++++ RECORDS FOR THIS TASK
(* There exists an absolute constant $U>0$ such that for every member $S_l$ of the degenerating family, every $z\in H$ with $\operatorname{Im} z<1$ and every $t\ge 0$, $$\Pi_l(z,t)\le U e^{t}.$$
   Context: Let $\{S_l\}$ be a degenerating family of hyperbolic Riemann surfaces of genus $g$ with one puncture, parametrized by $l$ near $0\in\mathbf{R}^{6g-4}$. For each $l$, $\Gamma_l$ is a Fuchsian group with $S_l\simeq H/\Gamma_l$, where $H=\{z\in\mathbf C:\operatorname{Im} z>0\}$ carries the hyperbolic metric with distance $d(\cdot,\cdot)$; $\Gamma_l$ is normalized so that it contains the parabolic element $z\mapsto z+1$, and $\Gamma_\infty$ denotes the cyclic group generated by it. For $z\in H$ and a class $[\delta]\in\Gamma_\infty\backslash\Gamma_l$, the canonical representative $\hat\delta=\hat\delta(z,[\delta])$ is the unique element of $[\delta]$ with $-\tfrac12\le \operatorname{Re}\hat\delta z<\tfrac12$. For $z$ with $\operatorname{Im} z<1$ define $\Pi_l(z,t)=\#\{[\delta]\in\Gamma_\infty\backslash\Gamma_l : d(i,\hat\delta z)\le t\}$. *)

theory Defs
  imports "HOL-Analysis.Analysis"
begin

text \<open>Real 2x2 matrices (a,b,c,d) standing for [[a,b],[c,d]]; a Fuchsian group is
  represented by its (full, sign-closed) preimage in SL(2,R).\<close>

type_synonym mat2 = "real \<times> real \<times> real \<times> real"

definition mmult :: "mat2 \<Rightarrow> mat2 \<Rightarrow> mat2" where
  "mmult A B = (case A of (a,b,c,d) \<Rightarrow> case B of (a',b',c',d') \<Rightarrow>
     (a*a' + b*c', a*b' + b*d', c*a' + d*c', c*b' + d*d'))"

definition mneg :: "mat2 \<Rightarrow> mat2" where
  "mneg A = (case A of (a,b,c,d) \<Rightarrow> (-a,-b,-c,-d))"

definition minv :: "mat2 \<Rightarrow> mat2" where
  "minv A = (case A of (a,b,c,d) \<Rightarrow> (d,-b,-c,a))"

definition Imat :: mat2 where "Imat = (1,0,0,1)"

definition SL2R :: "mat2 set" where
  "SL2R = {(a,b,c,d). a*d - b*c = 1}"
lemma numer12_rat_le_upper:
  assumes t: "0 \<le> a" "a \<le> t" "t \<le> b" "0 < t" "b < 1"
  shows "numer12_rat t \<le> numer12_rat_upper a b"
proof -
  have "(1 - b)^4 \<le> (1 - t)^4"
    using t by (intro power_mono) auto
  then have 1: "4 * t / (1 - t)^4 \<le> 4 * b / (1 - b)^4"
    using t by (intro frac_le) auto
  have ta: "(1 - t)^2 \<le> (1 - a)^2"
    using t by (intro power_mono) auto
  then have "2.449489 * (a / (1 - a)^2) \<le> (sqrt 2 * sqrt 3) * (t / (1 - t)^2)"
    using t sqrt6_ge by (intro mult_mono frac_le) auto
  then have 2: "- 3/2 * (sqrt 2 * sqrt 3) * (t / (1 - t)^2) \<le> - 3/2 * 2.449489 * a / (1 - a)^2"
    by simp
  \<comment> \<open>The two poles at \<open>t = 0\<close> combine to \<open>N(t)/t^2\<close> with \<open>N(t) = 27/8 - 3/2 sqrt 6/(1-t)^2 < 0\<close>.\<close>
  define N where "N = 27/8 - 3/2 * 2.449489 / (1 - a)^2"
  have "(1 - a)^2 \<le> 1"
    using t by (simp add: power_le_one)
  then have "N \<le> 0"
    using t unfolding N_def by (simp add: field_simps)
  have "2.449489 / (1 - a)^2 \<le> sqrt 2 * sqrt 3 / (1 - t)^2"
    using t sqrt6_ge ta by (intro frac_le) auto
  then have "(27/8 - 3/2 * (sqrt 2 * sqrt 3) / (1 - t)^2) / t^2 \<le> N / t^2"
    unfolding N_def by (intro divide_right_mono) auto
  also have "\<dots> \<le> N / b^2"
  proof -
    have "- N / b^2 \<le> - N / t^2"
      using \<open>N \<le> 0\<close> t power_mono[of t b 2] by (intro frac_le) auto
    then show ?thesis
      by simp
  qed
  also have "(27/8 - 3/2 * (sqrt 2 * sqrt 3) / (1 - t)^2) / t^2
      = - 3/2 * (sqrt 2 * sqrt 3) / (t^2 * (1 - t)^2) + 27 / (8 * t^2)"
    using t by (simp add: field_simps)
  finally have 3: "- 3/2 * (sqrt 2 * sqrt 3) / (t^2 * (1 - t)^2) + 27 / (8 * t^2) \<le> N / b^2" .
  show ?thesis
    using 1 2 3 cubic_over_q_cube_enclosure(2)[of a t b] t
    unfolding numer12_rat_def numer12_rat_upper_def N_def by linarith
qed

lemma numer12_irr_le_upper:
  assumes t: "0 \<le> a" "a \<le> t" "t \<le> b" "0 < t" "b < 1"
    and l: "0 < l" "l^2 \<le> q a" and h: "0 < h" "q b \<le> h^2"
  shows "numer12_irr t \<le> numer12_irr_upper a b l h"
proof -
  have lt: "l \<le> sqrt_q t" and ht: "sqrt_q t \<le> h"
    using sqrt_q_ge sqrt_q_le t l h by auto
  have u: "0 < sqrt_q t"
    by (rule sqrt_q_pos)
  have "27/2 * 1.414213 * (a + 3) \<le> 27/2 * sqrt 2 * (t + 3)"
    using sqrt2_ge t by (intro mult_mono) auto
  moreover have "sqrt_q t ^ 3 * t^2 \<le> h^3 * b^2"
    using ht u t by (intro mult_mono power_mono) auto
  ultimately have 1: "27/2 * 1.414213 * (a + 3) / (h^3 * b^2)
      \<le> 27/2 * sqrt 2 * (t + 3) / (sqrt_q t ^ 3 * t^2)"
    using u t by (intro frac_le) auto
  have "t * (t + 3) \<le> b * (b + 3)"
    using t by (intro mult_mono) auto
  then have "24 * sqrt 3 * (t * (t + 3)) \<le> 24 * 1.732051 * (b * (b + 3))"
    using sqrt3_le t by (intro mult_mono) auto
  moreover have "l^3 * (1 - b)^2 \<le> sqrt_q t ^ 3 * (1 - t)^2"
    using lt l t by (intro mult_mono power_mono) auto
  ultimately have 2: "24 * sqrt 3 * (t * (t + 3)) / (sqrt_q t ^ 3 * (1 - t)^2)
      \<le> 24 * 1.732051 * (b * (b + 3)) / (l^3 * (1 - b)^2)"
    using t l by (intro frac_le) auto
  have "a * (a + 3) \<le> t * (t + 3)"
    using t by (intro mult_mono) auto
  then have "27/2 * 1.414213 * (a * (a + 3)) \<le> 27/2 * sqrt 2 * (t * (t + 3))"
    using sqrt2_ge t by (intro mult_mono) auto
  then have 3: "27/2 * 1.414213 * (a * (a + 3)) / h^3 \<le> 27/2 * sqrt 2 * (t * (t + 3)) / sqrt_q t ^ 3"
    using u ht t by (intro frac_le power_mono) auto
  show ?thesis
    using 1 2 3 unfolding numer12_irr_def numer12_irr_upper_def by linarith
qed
++++++++
Of the entries above, tally the lines with "shows" in them. Only the total should be given.

→ EXERCISE RESPONSE: 2